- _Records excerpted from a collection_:
- - -
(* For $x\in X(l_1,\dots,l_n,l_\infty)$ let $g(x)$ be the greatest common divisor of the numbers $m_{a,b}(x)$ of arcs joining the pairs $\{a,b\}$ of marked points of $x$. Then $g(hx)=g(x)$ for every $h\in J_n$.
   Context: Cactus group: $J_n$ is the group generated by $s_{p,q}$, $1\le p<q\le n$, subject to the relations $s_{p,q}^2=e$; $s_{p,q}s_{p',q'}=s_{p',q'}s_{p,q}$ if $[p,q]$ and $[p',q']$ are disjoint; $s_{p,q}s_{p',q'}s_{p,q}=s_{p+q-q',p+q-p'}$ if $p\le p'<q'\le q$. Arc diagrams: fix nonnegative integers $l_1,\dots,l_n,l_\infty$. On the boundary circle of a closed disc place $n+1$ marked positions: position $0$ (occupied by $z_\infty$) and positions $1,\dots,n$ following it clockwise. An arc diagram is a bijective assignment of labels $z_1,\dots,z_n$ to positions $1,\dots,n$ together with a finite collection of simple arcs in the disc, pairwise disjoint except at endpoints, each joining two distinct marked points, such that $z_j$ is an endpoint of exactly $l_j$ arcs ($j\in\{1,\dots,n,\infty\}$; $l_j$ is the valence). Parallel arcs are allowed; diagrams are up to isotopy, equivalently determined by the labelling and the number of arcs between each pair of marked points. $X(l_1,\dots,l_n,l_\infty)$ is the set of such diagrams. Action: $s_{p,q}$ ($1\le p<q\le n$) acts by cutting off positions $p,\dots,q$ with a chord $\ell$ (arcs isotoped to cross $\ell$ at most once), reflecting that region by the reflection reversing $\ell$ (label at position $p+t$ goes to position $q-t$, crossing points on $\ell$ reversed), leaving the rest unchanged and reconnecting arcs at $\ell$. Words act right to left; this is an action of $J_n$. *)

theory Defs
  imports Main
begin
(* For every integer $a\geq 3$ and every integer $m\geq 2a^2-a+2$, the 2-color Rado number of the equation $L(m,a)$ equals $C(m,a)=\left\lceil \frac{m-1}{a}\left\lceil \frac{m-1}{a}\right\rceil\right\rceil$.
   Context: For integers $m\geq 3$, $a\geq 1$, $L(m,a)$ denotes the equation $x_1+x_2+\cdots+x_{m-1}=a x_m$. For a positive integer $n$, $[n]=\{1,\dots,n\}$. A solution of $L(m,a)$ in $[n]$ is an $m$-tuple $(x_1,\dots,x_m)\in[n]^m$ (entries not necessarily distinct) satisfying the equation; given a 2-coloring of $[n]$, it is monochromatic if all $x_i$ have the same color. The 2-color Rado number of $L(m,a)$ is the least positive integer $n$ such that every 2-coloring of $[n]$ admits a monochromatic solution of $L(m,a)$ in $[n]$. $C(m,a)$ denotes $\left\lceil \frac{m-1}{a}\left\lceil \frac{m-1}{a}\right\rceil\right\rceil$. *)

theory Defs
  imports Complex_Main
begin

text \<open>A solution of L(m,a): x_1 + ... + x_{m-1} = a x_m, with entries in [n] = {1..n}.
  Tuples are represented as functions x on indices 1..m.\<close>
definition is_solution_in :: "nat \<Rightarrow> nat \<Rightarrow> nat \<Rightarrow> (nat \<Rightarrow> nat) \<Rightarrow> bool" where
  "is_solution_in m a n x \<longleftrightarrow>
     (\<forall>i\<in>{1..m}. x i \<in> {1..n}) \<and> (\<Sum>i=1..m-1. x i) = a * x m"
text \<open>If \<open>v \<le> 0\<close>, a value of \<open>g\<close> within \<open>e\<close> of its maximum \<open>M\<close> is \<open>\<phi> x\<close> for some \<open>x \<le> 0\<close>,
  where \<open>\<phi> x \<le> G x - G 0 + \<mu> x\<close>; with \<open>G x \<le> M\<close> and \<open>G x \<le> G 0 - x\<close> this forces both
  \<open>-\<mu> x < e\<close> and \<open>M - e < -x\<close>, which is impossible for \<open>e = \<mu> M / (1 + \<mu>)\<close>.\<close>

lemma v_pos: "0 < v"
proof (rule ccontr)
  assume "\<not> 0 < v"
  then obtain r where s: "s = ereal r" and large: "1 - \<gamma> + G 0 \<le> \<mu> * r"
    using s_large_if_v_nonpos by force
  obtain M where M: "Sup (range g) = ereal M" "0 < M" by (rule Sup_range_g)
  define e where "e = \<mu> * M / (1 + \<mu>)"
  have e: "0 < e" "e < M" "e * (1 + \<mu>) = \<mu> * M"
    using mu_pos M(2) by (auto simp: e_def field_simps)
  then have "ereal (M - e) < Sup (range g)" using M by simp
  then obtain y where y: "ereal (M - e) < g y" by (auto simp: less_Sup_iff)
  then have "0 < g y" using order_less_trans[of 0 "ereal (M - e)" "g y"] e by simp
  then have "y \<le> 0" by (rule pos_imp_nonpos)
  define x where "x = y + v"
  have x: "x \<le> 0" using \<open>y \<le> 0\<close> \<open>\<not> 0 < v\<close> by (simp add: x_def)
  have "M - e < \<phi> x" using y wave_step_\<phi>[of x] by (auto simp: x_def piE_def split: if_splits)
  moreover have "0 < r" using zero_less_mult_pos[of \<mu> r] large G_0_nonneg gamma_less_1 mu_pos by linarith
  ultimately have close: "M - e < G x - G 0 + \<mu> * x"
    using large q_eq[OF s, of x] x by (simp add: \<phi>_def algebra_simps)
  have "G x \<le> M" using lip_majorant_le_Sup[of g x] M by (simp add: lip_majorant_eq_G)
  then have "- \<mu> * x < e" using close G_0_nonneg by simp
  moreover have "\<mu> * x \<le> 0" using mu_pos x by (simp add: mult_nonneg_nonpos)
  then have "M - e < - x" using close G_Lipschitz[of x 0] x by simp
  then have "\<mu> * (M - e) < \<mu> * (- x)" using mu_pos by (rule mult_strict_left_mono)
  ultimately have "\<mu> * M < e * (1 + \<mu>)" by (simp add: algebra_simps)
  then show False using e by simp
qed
- - -
- _Work order_: Copy the lines of the data above exactly as written, beginning with the line containing "imports Main" and ending with the line containing "(\<Sum>i=1..m-1. x i)", and leave out all other lines.

- _Exercise result_:
  imports Main
begin
(* For every integer $a\geq 3$ and every integer $m\geq 2a^2-a+2$, the 2-color Rado number of the equation $L(m,a)$ equals $C(m,a)=\left\lceil \frac{m-1}{a}\left\lceil \frac{m-1}{a}\right\rceil\right\rceil$.
   Context: For integers $m\geq 3$, $a\geq 1$, $L(m,a)$ denotes the equation $x_1+x_2+\cdots+x_{m-1}=a x_m$. For a positive integer $n$, $[n]=\{1,\dots,n\}$. A solution of $L(m,a)$ in $[n]$ is an $m$-tuple $(x_1,\dots,x_m)\in[n]^m$ (entries not necessarily distinct) satisfying the equation; given a 2-coloring of $[n]$, it is monochromatic if all $x_i$ have the same color. The 2-color Rado number of $L(m,a)$ is the least positive integer $n$ such that every 2-coloring of $[n]$ admits a monochromatic solution of $L(m,a)$ in $[n]$. $C(m,a)$ denotes $\left\lceil \frac{m-1}{a}\left\lceil \frac{m-1}{a}\right\rceil\right\rceil$. *)

theory Defs
  imports Complex_Main
begin

text \<open>A solution of L(m,a): x_1 + ... + x_{m-1} = a x_m, with entries in [n] = {1..n}.
  Tuples are represented as functions x on indices 1..m.\<close>
definition is_solution_in :: "nat \<Rightarrow> nat \<Rightarrow> nat \<Rightarrow> (nat \<Rightarrow> nat) \<Rightarrow> bool" where
  "is_solution_in m a n x \<longleftrightarrow>
     (\<forall>i\<in>{1..m}. x i \<in> {1..n}) \<and> (\<Sum>i=1..m-1. x i) = a * x m"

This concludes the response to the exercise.